Born in Old Mount Airy, Virginia, Davis attended the old field schools and was privately tutored as a child. He later attended and graduated from Emory and Henry College, then read law.

He married Mary Jane Dickenson Davis (1848 - 1896), daughter of Col. John Dickenson of Grayson County (and for whom Dickenson County was named upon its creation in 1880). They would have at least three sons: Albert Conley Davis (1869 - 1893), Joseph C Davis (1871 - 1888) and James Garnett Davis (1873 - 1931).


Admitted to the bar in 1854, Davis began his private legal practice in Wytheville, Virginia, and later moved to Independence, Virginia.

At the outbreak of the Civil War, Davis served in the Confederate Army as captain of Company C of the 45th Regiment, Virginia Infantry in 1861. He earned a promotion to major in 1862 and another to lieutenant colonel in 1864. Captured near the end of the war, he was held prisoner on Johnson's Island in Lake Erie.

After his release, Davis was elected to the Virginia Senate, and served from 1869 to 1871, when he was succeeded by fellow Confederate veteran Abner W. C. Nowlin.

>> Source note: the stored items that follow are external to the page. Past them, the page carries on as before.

lemma avoiding_trees_Suc:
  "avoiding_trees m U (Suc k) = node_of_split ` root_splits m U k - U"
proof (intro equalityI subsetI)
  fix t assume t: "t \<in> avoiding_trees m U (Suc k)"
  then obtain l a r where t_eq: "t = Node l a r"
    by (cases t) (auto simp: avoiding_trees_def)
  have "(size l, a, l, r) \<in> root_splits m U k" and "t \<notin> U"
    using t unfolding t_eq avoiding_trees_def root_splits_def by auto
  then show "t \<in> node_of_split ` root_splits m U k - U"
    unfolding t_eq node_of_split_def by force
next
  fix t assume "t \<in> node_of_split ` root_splits m U k - U"
  then obtain i a l r where "t = Node l a r" "t \<notin> U" "i \<le> k" "a \<in> {1..m}"
    "l \<in> avoiding_trees m U i" "r \<in> avoiding_trees m U (k - i)"
    by (auto simp: node_of_split_def root_splits_def)
  then show "t \<in> avoiding_trees m U (Suc k)"
    by (auto simp: avoiding_trees_def)
qed

lemma finite_avoiding_trees: "finite (avoiding_trees m U k)"
proof (induction k rule: less_induct)
  case (less k)
  show ?case
  proof (cases k)
    case 0
    then show ?thesis by (simp add: avoiding_trees_0)
  next
    case (Suc j)
    have "finite (root_splits m U j)"
      unfolding root_splits_def using less Suc by (intro finite_SigmaI finite_cartesian_product) auto
    then show ?thesis unfolding Suc avoiding_trees_Suc by simp
  qed
qed

lemma finite_root_splits: "finite (root_splits m U k)"
  unfolding root_splits_def by (simp add: finite_avoiding_trees)

lemma inj_on_node_of_split: "inj_on node_of_split (root_splits m U k)"
  by (auto simp: inj_on_def node_of_split_def root_splits_def avoiding_trees_def)

lemma card_root_splits:
  "real (card (root_splits m U k)) = real m * cauchy_square (\<lambda>i. real (card (avoiding_trees m U i))) k"
  unfolding root_splits_def cauchy_square_def
  by (subst card_SigmaI) (auto simp: finite_avoiding_trees card_cartesian_product sum_distrib_left mult.assoc)

lemma card_avoiding_trees_Suc:
  "real (card (avoiding_trees m U (Suc k)))
     = real m * cauchy_square (\<lambda>i. real (card (avoiding_trees m U i))) k
       - real (card (node_of_split ` root_splits m U k \<inter> U))"
proof -
  let ?J = "node_of_split ` root_splits m U k"
  have "finite ?J" by (simp add: finite_root_splits)
  then have "card (?J - U) = card ?J - card (?J \<inter> U)" and "card (?J \<inter> U) \<le> card ?J"
    by (auto intro: card_Diff_subset_Int card_mono)
  moreover have "card ?J = card (root_splits m U k)"
    by (rule card_image[OF inj_on_node_of_split])
  ultimately show ?thesis
    by (simp add: avoiding_trees_Suc card_root_splits[symmetric] of_nat_diff)
qed

lemma node_of_split_image_inter_singleton:
  assumes "labeled_bt m u"
  shows "node_of_split ` root_splits m {u} k \<inter> {u} = (if size u = Suc k then {u} else {})"
proof (cases "size u = Suc k")
  case True
  obtain l a r where u_eq: "u = Node l a r"
    using assms by (cases u) (auto simp: labeled_bt_def)
  have "u \<notin> subtrees l" and "u \<notin> subtrees r"
    using size_subtrees[of u l] size_subtrees[of u r] u_eq by auto
  then have "(size l, a, l, r) \<in> root_splits m {u} k"
    using assms True unfolding u_eq root_splits_def avoiding_trees_def labeled_bt_def by auto
  then have "u \<in> node_of_split ` root_splits m {u} k"
    unfolding u_eq node_of_split_def by force
  then show ?thesis using True by auto
next
  case False
  then show ?thesis
    by (auto simp: node_of_split_def root_splits_def avoiding_trees_def)
qed

lemma count_containing_eq_diff:
  assumes "labeled_bt m u"
  shows "real (count_containing m u n)
           = real (card (avoiding_trees m {} (Suc n))) - real (card (avoiding_trees m {u} (Suc n)))"
proof -
  have sub: "avoiding_trees m {u} (Suc n) \<subseteq> avoiding_trees m {} (Suc n)"
    by (auto simp: avoiding_trees_def)
  have "labeled_bt m t \<and> edges t = n \<longleftrightarrow> set_tree t \<subseteq> {1..m} \<and> size t = Suc n" for t :: "nat tree"
    by (cases t) (auto simp: labeled_bt_def edges_def)
  then have "{t. labeled_bt m t \<and> edges t = n \<and> contains_subtree t u}
               = avoiding_trees m {} (Suc n) - avoiding_trees m {u} (Suc n)"
    by (auto simp: contains_subtree_def avoiding_trees_def)
  then show ?thesis
    unfolding count_containing_def using sub finite_avoiding_trees
    by (simp add: card_Diff_subset card_mono of_nat_diff)
qed

theorem lemma8:
  fixes m p :: nat and u :: "nat tree" and z :: real
  assumes "m \<ge> 1" and "labeled_bt m u" and "edges u = p"
    and "z \<noteq> 0" and "\<bar>z\<bar> < 1 / (4 * real m)"
  shows "(\<lambda>n. real (count_containing m u n) * z ^ n) sums
           ((sqrt (1 - 4 * real m * z + 4 * real m * z ^ (p + 2)) - sqrt (1 - 4 * real m * z))
              / (2 * real m * z ^ 2))"
proof -
  define T where "T k = real (card (avoiding_trees m {} k))" for k
  define A where "A k = real (card (avoiding_trees m {u} k))" for k
  have "size u = Suc p" and "Leaf \<notin> {u}"
    using assms(2,3) by (auto simp: labeled_bt_def edges_def neq_Leaf_iff)
  define D0 where "D0 = sqrt (1 - 4 * real m * z)"
  define D1 where "D1 = sqrt (1 - 4 * real m * z + 4 * real m * z ^ (p + 2))"
  have "T 0 = 1" and "A 0 = 1"
    using \<open>Leaf \<notin> {u}\<close> by (simp_all add: T_def A_def avoiding_trees_0)
  have "T (Suc k) = real m * cauchy_square T k" for k
    unfolding T_def by (simp add: card_avoiding_trees_Suc)
  then have sums_T: "(\<lambda>k. T k * z^k) sums ((1 - D0) / (2 * real m * z))"
    using perturbed_catalan_sums[of T 1 0 "real m" z] assms(1,4,5) \<open>T 0 = 1\<close>
    by (simp add: D0_def T_def)
  have "A (Suc k) = real m * cauchy_square A k - (if Suc k = Suc p then 1 else 0)" for k
    unfolding A_def using \<open>size u = Suc p\<close>
    by (simp add: card_avoiding_trees_Suc node_of_split_image_inter_singleton[OF assms(2)])
  then have sums_A: "(\<lambda>k. A k * z^k) sums ((1 - D1) / (2 * real m * z))"
    using perturbed_catalan_sums[of A "Suc p" 1 "real m" z] assms(1,4,5) \<open>A 0 = 1\<close>
    by (simp add: D1_def A_def)
  have "(\<lambda>k. (T k - A k) * z^k) sums ((1 - D0) / (2 * real m * z) - (1 - D1) / (2 * real m * z))"
    unfolding left_diff_distrib by (rule sums_diff[OF sums_T sums_A])
  then have "(\<lambda>n. (T (Suc n) - A (Suc n)) * z^n) sums
      (((1 - D0) / (2 * real m * z) - (1 - D1) / (2 * real m * z)) / z)"
    using \<open>T 0 = 1\<close> \<open>A 0 = 1\<close> assms(4) by (intro sums_shift_divide) simp_all
  then show ?thesis
    unfolding D0_def[symmetric] D1_def[symmetric]
    by (simp add: count_containing_eq_diff[OF assms(2)] T_def A_def diff_divide_distrib[symmetric] power2_eq_square mult.assoc)
qed

end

The following year Davis ran as a Democrat for the United States House of Representatives. He was elected to the U.S. House of Representatives with 50.55% of the vote, defeating Republican Christopher Yancy Thomas. However, Thomas successfully contested the result and was seated in March 1874. Afterward, Davis resumed practicing law in Independence, Virginia

Death and legacy

Davis died on September 25, 1889, and was interred in the Davis Family Cemetery. Some of his family's papers are held in the special collections at the College of William and Mary.